I don't really know how to solve tan(a) = π + a, but for the purposes of our problem a ~ 77.4534˚ fits the bill better.

You solve it iteratively - Newton's method works.

Actually I think this was another typo - 77.445 instead of 77.455.

But seriously a better solution is 77.453397562356507 deg

That gives the speed ratio as 0.2172336282 = 1/4.603338849

There is another typo, I guess, sin(a-b) = f should be sin(b-a) = 1/f. (f being Ogre/Maiden ratio.) Is that a true formula for the f instead of the one I've given in post #34? Do those formulas amount to the same thing? Note, b and a are dependent variables. a = function(b), or vica versa.

I define f as maiden/ogre speed < 1.If by true formula you mean accurate, or valid, then yes it is..

As for the “spiral escape paths,” I could not really follow the argument in point (3) and did not see the need for the argument in (2). I believe, the argument in (1) is sufficient. Apparently, I failed to explain clearly my point in the post #39 and the function in the post #34.

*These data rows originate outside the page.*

(* Let $A$ be a simple hyperbolic $d$-arrangement of $n$ hyperplanes in $\mathbb{H}^k$. Then the concept class $C\subseteq\{0,1\}^n$ corresponding to $A$ is a maximum class of VC-dimension $d$ in the $n$-cube.
   Context: $\mathbb{H}^k$ is the Klein model of hyperbolic space: the open unit ball in $\mathbb{R}^k$, whose hyperbolic planes are the nonempty intersections of affine planes of $\mathbb{R}^k$ with the open ball. A simple hyperbolic $d$-arrangement is a collection of $n$ oriented hyperbolic hyperplanes in $\mathbb{H}^k$ such that every sub-collection of $d$ of them mutually intersects in a $(k-d)$-dimensional hyperbolic plane and every sub-collection of $d+1$ of them has empty mutual intersection. Each cell of the complement gives the concept in $\{0,1\}^n$ whose $i$-th coordinate records the side of the $i$-th hyperplane containing the cell; $C$ is the set of these concepts. $C$ is maximum of VC-dimension $d$ if its VC-dimension is $d$ and $|C|=\sum_{i=0}^d\binom{n}{i}$. *)

theory Defs
  imports "HOL-Analysis.Analysis"
begin

text \<open>Klein model: the open unit ball of a Euclidean space 'a (k = DIM('a)).\<close>

definition klein :: "'a::euclidean_space set" where
  "klein = ball 0 1"

definition hplane :: "'a::euclidean_space \<times> real \<Rightarrow> 'a set" where
  "hplane h = {x. fst h \<bullet> x = snd h}"

definition pos_side :: "'a::euclidean_space \<times> real \<Rightarrow> 'a set" where
  "pos_side h = {x. fst h \<bullet> x > snd h}"

definition hyperbolic_plane :: "int \<Rightarrow> 'a::euclidean_space set \<Rightarrow> bool" where
  "hyperbolic_plane m P \<longleftrightarrow>
     (\<exists>A. affine A \<and> aff_dim A = m \<and> P = A \<inter> klein \<and> P \<noteq> {})"

definition hyp_hyperplane :: "'a::euclidean_space \<times> real \<Rightarrow> bool" where
  "hyp_hyperplane h \<longleftrightarrow> fst h \<noteq> 0 \<and> hplane h \<inter> klein \<noteq> {}"

definition simple_hyp_arrangement ::
    "nat \<Rightarrow> nat \<Rightarrow> (nat \<Rightarrow> 'a::euclidean_space \<times> real) \<Rightarrow> bool" where
  "simple_hyp_arrangement d n h \<longleftrightarrow>
     (\<forall>i<n. hyp_hyperplane (h i)) \<and>
     (\<forall>I. I \<subseteq> {..<n} \<and> card I = d \<longrightarrow>
        hyperbolic_plane (int DIM('a) - int d) ((\<Inter>i\<in>I. hplane (h i)) \<inter> klein)) \<and>
     (\<forall>I. I \<subseteq> {..<n} \<and> card I = Suc d \<longrightarrow>
        (\<Inter>i\<in>I. hplane (h i)) \<inter> klein = {})"

definition cells :: "nat \<Rightarrow> (nat \<Rightarrow> 'a::euclidean_space \<times> real) \<Rightarrow> 'a set set" where
  "cells n h = components (klein - (\<Union>i<n. hplane (h i)))"

text \<open>A concept in {0,1}^n is represented as the set of coordinates equal to 1.\<close>
definition cell_concept :: "nat \<Rightarrow> (nat \<Rightarrow> 'a::euclidean_space \<times> real) \<Rightarrow> 'a set \<Rightarrow> nat set" where
  "cell_concept n h c = {i. i < n \<and> c \<subseteq> pos_side (h i)}"
lemma concave_lower_semicontinuous:
  fixes f :: "real \<Rightarrow> ereal" and \<delta> :: "nat \<Rightarrow> real"
  assumes concave: "\<And>a b l x y. 0 \<le> a \<Longrightarrow> 0 \<le> b \<Longrightarrow> 0 \<le> l \<Longrightarrow> l \<le> 1 \<Longrightarrow> 0 < l*a + (1-l)*b
      \<Longrightarrow> ereal x \<le> f a \<Longrightarrow> ereal y \<le> f b \<Longrightarrow> ereal (l*x + (1-l)*y) \<le> f (l*a + (1-l)*b)"
    and lower: "\<And>z. 0 \<le> z \<Longrightarrow> z \<le> c + 1 \<Longrightarrow> ereal Y \<le> f z"
    and "0 \<le> c" "\<delta> \<longlonglongrightarrow> c" "eventually (\<lambda>n. 0 < \<delta> n) sequentially" "a < f c"
  shows "eventually (\<lambda>n. a < f (\<delta> n)) sequentially"
proof -
  obtain r where r: "a < ereal r" "ereal r < f c" using ereal_dense2[OF \<open>a < f c\<close>] by blast
  obtain l b where "l \<longlonglongrightarrow> 1" and convex: "eventually (\<lambda>n. 0 \<le> l n \<and> l n \<le> 1
      \<and> b n \<in> {0..c+1} \<and> \<delta> n = l n * c + (1 - l n) * b n) sequentially"
    using tendsto_convex_combination_weights[OF assms(3-5)] by blast
  have "(\<lambda>n. ereal (l n * r + (1 - l n) * Y)) \<longlonglongrightarrow> ereal (1 * r + (1 - 1) * Y)"
    by (intro tendsto_intros \<open>l \<longlonglongrightarrow> 1\<close>)
  then have "eventually (\<lambda>n. a < ereal (l n * r + (1 - l n) * Y)) sequentially"
    using r(1) by (intro order_tendstoD(1)) auto
  then show ?thesis using convex assms(5)
  proof eventually_elim
    case (elim n)
    then have "ereal (l n * r + (1 - l n) * Y) \<le> f (\<delta> n)"
      using concave[of c "b n" "l n" r Y] lower[of "b n"] r(2) \<open>0 \<le> c\<close> by simp
    with elim(1) show ?case by (rule less_le_trans)
  qed
qed
lemma qdot_closed [simp]: "a \<in> carrier A \<Longrightarrow> b \<in> carrier A \<Longrightarrow> qd a b \<in> carrier A"
  by (simp add: qdot_def)

lemma qcolon_closed [simp]: "a \<in> carrier A \<Longrightarrow> b \<in> carrier A \<Longrightarrow> qc a b \<in> carrier A"
  by (simp add: qcolon_def brace_delta_def)

lemma mult_eq_add_lam:
  "a \<in> carrier A \<Longrightarrow> b \<in> carrier A \<Longrightarrow> a \<otimes>\<^bsub>M\<^esub> b = a \<otimes>\<^bsub>A\<^esub> lam a b"
  by (simp add: brace_lambda_def A.m_assoc [symmetric])

lemma lam_add:
  assumes "a \<in> carrier A" "b \<in> carrier A" "c \<in> carrier A"
  shows "lam a (b \<otimes>\<^bsub>A\<^esub> c) = lam a b \<otimes>\<^bsub>A\<^esub> lam a c"
  using assms by (simp add: brace_lambda_def brace_law A.m_assoc)

lemma lam_hom: "a \<in> carrier A \<Longrightarrow> lam a \<in> hom A A"
  by (rule homI) (simp_all add: lam_add)

lemma lam_inv_add:
  "a \<in> carrier A \<Longrightarrow> b \<in> carrier A \<Longrightarrow> lam a (inv\<^bsub>A\<^esub> b) = inv\<^bsub>A\<^esub> (lam a b)"
  using group_hom.hom_inv[of A A "lam a"] lam_hom by (simp add: group_hom_def group_hom_axioms_def)

lemma lam_mult:
  assumes "a \<in> carrier A" "b \<in> carrier A" "c \<in> carrier A"
  shows "lam (a \<otimes>\<^bsub>M\<^esub> b) c = lam a (lam b c)"
proof -
  have "a \<otimes>\<^bsub>M\<^esub> b \<otimes>\<^bsub>M\<^esub> c = a \<otimes>\<^bsub>M\<^esub> (b \<otimes>\<^bsub>A\<^esub> lam b c)"
    using assms by (simp add: M.m_assoc mult_eq_add_lam [of b c])
  also have "\<dots> = (a \<otimes>\<^bsub>M\<^esub> b) \<otimes>\<^bsub>A\<^esub> lam a (lam b c)"
    using assms brace_law [of a b "lam b c"] by (simp add: brace_lambda_def [of A M a])
  finally show ?thesis
    using assms by (simp add: brace_lambda_def [of A M "a \<otimes>\<^bsub>M\<^esub> b"])
qed

lemma lam_one [simp]: "b \<in> carrier A \<Longrightarrow> lam \<one>\<^bsub>A\<^esub> b = b"
  by (simp add: brace_lambda_def)

lemma lam_lam_inv: "a \<in> carrier A \<Longrightarrow> b \<in> carrier A \<Longrightarrow> lam a (lam (inv\<^bsub>M\<^esub> a) b) = b"
  by (simp add: lam_mult [symmetric])

lemma lam_inv_lam: "a \<in> carrier A \<Longrightarrow> b \<in> carrier A \<Longrightarrow> lam (inv\<^bsub>M\<^esub> a) (lam a b) = b"
  by (simp add: lam_mult [symmetric])

lemma lam_inv_self: "a \<in> carrier A \<Longrightarrow> lam a (inv\<^bsub>M\<^esub> a) = inv\<^bsub>A\<^esub> a"
  by (simp add: brace_lambda_def)

lemma add_eq_mult_lam:
  "a \<in> carrier A \<Longrightarrow> b \<in> carrier A \<Longrightarrow> a \<otimes>\<^bsub>A\<^esub> b = a \<otimes>\<^bsub>M\<^esub> lam (inv\<^bsub>M\<^esub> a) b"
  by (simp add: mult_eq_add_lam lam_lam_inv)

lemma qdot_self: "a \<in> carrier A \<Longrightarrow> qd a a = inv\<^bsub>A\<^esub> (inv\<^bsub>M\<^esub> a)"
  by (simp add: qdot_def brace_lambda_def)

lemma mult_inv_add:
  "a \<in> carrier A \<Longrightarrow> b \<in> carrier A \<Longrightarrow>
    a \<otimes>\<^bsub>M\<^esub> inv\<^bsub>A\<^esub> b = a \<otimes>\<^bsub>A\<^esub> inv\<^bsub>A\<^esub> (a \<otimes>\<^bsub>M\<^esub> b) \<otimes>\<^bsub>A\<^esub> a"
  by (simp add: mult_eq_add_lam lam_inv_add A.inv_mult_group A.m_assoc)

lemma del_eq_conj:
  "a \<in> carrier A \<Longrightarrow> b \<in> carrier A \<Longrightarrow> del a b = a \<otimes>\<^bsub>A\<^esub> lam a b \<otimes>\<^bsub>A\<^esub> inv\<^bsub>A\<^esub> a"
  by (simp add: brace_delta_def mult_eq_add_lam)

lemma del_mult:
  assumes "a \<in> carrier A" "b \<in> carrier A" "c \<in> carrier A"
  shows "del (a \<otimes>\<^bsub>M\<^esub> b) c = del a (del b c)"
  using assms
  by (simp add: brace_delta_def brace_law mult_inv_add A.m_assoc A.inv_mult_group M.m_assoc)

lemma mult_qdot: "a \<in> carrier A \<Longrightarrow> b \<in> carrier A \<Longrightarrow> a \<otimes>\<^bsub>M\<^esub> qd a b = a \<otimes>\<^bsub>A\<^esub> b"
  by (simp add: qdot_def mult_eq_add_lam lam_lam_inv)

lemma mult_qcolon: "a \<in> carrier A \<Longrightarrow> b \<in> carrier A \<Longrightarrow> a \<otimes>\<^bsub>M\<^esub> qc a b = b \<otimes>\<^bsub>A\<^esub> a"
  by (simp add: qcolon_def brace_delta_def brace_law mult_inv_add A.m_assoc M.m_assoc [symmetric])

lemma qdot_qdot:
  "a \<in> carrier A \<Longrightarrow> b \<in> carrier A \<Longrightarrow> c \<in> carrier A \<Longrightarrow>
    qd a (qd b c) = lam (inv\<^bsub>M\<^esub> (b \<otimes>\<^bsub>M\<^esub> a)) c"
  by (simp add: qdot_def lam_mult M.inv_mult_group)

lemma qcolon_qcolon:
  "a \<in> carrier A \<Longrightarrow> b \<in> carrier A \<Longrightarrow> c \<in> carrier A \<Longrightarrow>
    qc a (qc b c) = del (inv\<^bsub>M\<^esub> (b \<otimes>\<^bsub>M\<^esub> a)) c"
  by (simp add: qcolon_def del_mult M.inv_mult_group)

lemma qcycle_law_qdot_qdot:
  "x \<in> carrier A \<Longrightarrow> y \<in> carrier A \<Longrightarrow> z \<in> carrier A \<Longrightarrow>
    qd (qd x y) (qd x z) = qd (qc y x) (qd y z)"
  by (simp add: qdot_qdot mult_qdot mult_qcolon)

lemma qcycle_law_qcolon_qcolon:
  "x \<in> carrier A \<Longrightarrow> y \<in> carrier A \<Longrightarrow> z \<in> carrier A \<Longrightarrow>
    qc (qc x y) (qc x z) = qc (qd y x) (qc y z)"
  by (simp add: qcolon_qcolon mult_qdot mult_qcolon)

lemma qcycle_law_qdot_qcolon:
  assumes x: "x \<in> carrier A" and y: "y \<in> carrier A" and z: "z \<in> carrier A"
  shows "qc (qd x y) (qd x z) = qd (qc y x) (qc y z)"
proof -
  (* Both sides are (B,+)-conjugates of lam w z, by u^- and by lam v^- y^- respectively,
     and these two elements coincide. *)
  define u v w where "u = qd x y" and "v = qc y x" and "w = inv\<^bsub>M\<^esub> (x \<otimes>\<^bsub>A\<^esub> y)"
  have u: "u \<in> carrier A" and v: "v \<in> carrier A" and w: "w \<in> carrier A"
    using x y by (simp_all add: u_def v_def w_def)
  have w_u: "w = inv\<^bsub>M\<^esub> u \<otimes>\<^bsub>M\<^esub> inv\<^bsub>M\<^esub> x"
    using x y by (simp add: u_def w_def mult_qdot [symmetric] M.inv_mult_group)
  have w_v: "w = inv\<^bsub>M\<^esub> v \<otimes>\<^bsub>M\<^esub> inv\<^bsub>M\<^esub> y"
    using x y by (simp add: v_def w_def mult_qcolon [symmetric] M.inv_mult_group)
  have "lam w y = inv\<^bsub>A\<^esub> (inv\<^bsub>M\<^esub> u)"
    using x y u by (simp add: w_u lam_mult u_def [symmetric] qdot_def [symmetric] qdot_self)
  moreover have "inv\<^bsub>M\<^esub> v = w \<otimes>\<^bsub>M\<^esub> y"
    using v y by (simp add: w_v M.m_assoc)
  ultimately have conj: "lam (inv\<^bsub>M\<^esub> v) (inv\<^bsub>M\<^esub> y) = inv\<^bsub>M\<^esub> u"
    using u w y by (simp add: lam_mult lam_inv_self lam_inv_add)
  have "qc u (qd x z) = inv\<^bsub>M\<^esub> u \<otimes>\<^bsub>A\<^esub> lam w z \<otimes>\<^bsub>A\<^esub> inv\<^bsub>A\<^esub> (inv\<^bsub>M\<^esub> u)"
    using u x z by (simp add: qcolon_def qdot_def del_eq_conj w_u lam_mult)
  moreover have "qd v (qc y z) = lam (inv\<^bsub>M\<^esub> v) (inv\<^bsub>M\<^esub> y) \<otimes>\<^bsub>A\<^esub> lam w z \<otimes>\<^bsub>A\<^esub>
      inv\<^bsub>A\<^esub> (lam (inv\<^bsub>M\<^esub> v) (inv\<^bsub>M\<^esub> y))"
    using v y z by (simp add: qcolon_def qdot_def del_eq_conj w_v lam_mult lam_add lam_inv_add)
  ultimately show ?thesis
    unfolding u_def [symmetric] v_def [symmetric] by (simp add: conj)
qed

I guess it's sufficient to say a straight line to the landing point is optimal.

Statements 2 and 3 were intended simply to put some of the equations into words.In effect, statement 3 says you want to intersect the shoreline closer to perpendicular than to parallel.A spiral path does just the opposite.

OK?

So the Ogre and the Maiden problem is actually a solution/approximation method for tan(x) = x + π.
I worked off the initial version of your .doc file (opened it when you made the post, but got around to it couple days later.)

Still, the typo remains: sin(a-b), where you meant sin(b-a) (page 6.) Sorry for nitpicking.It seems my actual formula for Ogre/Maiden speed rate is being summarily rejected here. I don't see why.

Here is an addendum to put some finer points on your sin(b-a) analysis and to reiterate the actual formula for f: attachicon.gifOgre1.pdf

So on top of your last graph you would plot f = cos a and get both f and a at the intersection. Very cool.

Using the other equations you would intersect tan a with a + pi to get a, then take cos to get f. An extra step.